== Record set ==

lemma ln_a_window_sum_close:
  assumes n: "1 \<le> n" and small: "\<delta> n < \<epsilon> / 2"
  shows "\<bar>(\<Sum>i<p. ln (a (n + i))) - ln (period_prod a0 p)\<bar> \<le> 2 / \<epsilon> * \<delta> n"
proof (rule le_of_forall_pos_le_add_mult[where C = "2 / \<epsilon>"])
  fix e :: real assume e: "0 < e"
  obtain a' b' where t: "(a', b') \<in> iso_torus p a0 b0"
    and close: "dist_tilde p n a b a' b' < \<delta> n + min e (\<epsilon> / 2 - \<delta> n)"
    using exists_dist_tilde_less[of "min e (\<epsilon> / 2 - \<delta> n)"] e small by auto
  then have close': "dist_tilde p n a b a' b' < \<epsilon> / 2" "dist_tilde p n a b a' b' \<le> \<delta> n + e"
    by linarith+
  have each: "\<bar>ln (a (n + i)) - ln (a' (int (n + i)))\<bar> \<le> 2 / \<epsilon> * \<bar>a (n + i) - a' (int (n + i))\<bar>"
    if "i < p" for i
  proof -
    have "\<bar>a (n + i) - a' (int (n + i))\<bar> < \<epsilon> / 2"
      using dist_tilde_term_le[OF that, of a n a' b b'] close'(1) by linarith
    moreover have "\<epsilon> < a (n + i)" using a_bounds n by simp
    ultimately have "\<epsilon> / 2 \<le> a (n + i)" "\<epsilon> / 2 \<le> a' (int (n + i))" by linarith+
    then have "\<bar>ln (a (n + i)) - ln (a' (int (n + i)))\<bar> \<le> \<bar>a (n + i) - a' (int (n + i))\<bar> / (\<epsilon> / 2)"
      using eps by (intro abs_ln_diff_le) auto
    then show ?thesis by (simp add: field_simps)
  qed
  have "\<bar>(\<Sum>i<p. ln (a (n + i))) - ln (period_prod a0 p)\<bar>
      = \<bar>\<Sum>i<p. ln (a (n + i)) - ln (a' (int (n + i)))\<bar>"
    using iso_torus_window_sums(2)[OF periodic0 t] by (simp add: sum_subtractf)
  also have "\<dots> \<le> (\<Sum>i<p. 2 / \<epsilon> * \<bar>a (n + i) - a' (int (n + i))\<bar>)"
    using each by (intro order.trans[OF sum_abs] sum_mono) auto
  also have "\<dots> \<le> 2 / \<epsilon> * dist_tilde p n a b a' b'"
    unfolding dist_tilde_def sum_distrib_left[symmetric] using eps by (intro mult_left_mono sum_mono) auto
  also have "\<dots> \<le> 2 / \<epsilon> * \<delta> n + 2 / \<epsilon> * e"
    using mult_left_mono[OF close'(2), of "2 / \<epsilon>"] eps by (simp add: distrib_left)
  finally show "\<bar>(\<Sum>i<p. ln (a (n + i))) - ln (period_prod a0 p)\<bar> \<le> 2 / \<epsilon> * \<delta> n + 2 / \<epsilon> * e" .
qed (use eps in simp)

lemma b_period_step: "\<bar>b (n + p) - b n\<bar> \<le> \<delta> n + \<delta> (Suc n)"
  using b_window_sum_close[of n] b_window_sum_close[of "Suc n"] sum_window_Suc[of b n p] by linarith

lemma ln_a_period_step:
  assumes "1 \<le> n" "\<delta> n < \<epsilon> / 2" "\<delta> (Suc n) < \<epsilon> / 2"
  shows "\<epsilon> / 2 * \<bar>ln (a (n + p)) - ln (a n)\<bar> \<le> \<delta> n + \<delta> (Suc n)"
proof -
  have "\<bar>ln (a (n + p)) - ln (a n)\<bar> \<le> 2 / \<epsilon> * \<delta> n + 2 / \<epsilon> * \<delta> (Suc n)"
    using ln_a_window_sum_close[of n] ln_a_window_sum_close[of "Suc n"] assms
      sum_window_Suc[of "\<lambda>i. ln (a i)" n p] by simp
  then show ?thesis using eps by (simp add: field_simps)
qed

== The problem ==
Everything above from the line containing "b' < \<delta>" down to the line containing "i))\<bar> < \<epsilon>" is to be transcribed exactly, with both of those lines included and nothing else added.

== Answer to this exercise ==
    and close: "dist_tilde p n a b a' b' < \<delta> n + min e (\<epsilon> / 2 - \<delta> n)"
    using exists_dist_tilde_less[of "min e (\<epsilon> / 2 - \<delta> n)"] e small by auto
  then have close': "dist_tilde p n a b a' b' < \<epsilon> / 2" "dist_tilde p n a b a' b' \<le> \<delta> n + e"
    by linarith+
  have each: "\<bar>ln (a (n + i)) - ln (a' (int (n + i)))\<bar> \<le> 2 / \<epsilon> * \<bar>a (n + i) - a' (int (n + i))\<bar>"
    if "i < p" for i
  proof -
    have "\<bar>a (n + i) - a' (int (n + i))\<bar> < \<epsilon> / 2"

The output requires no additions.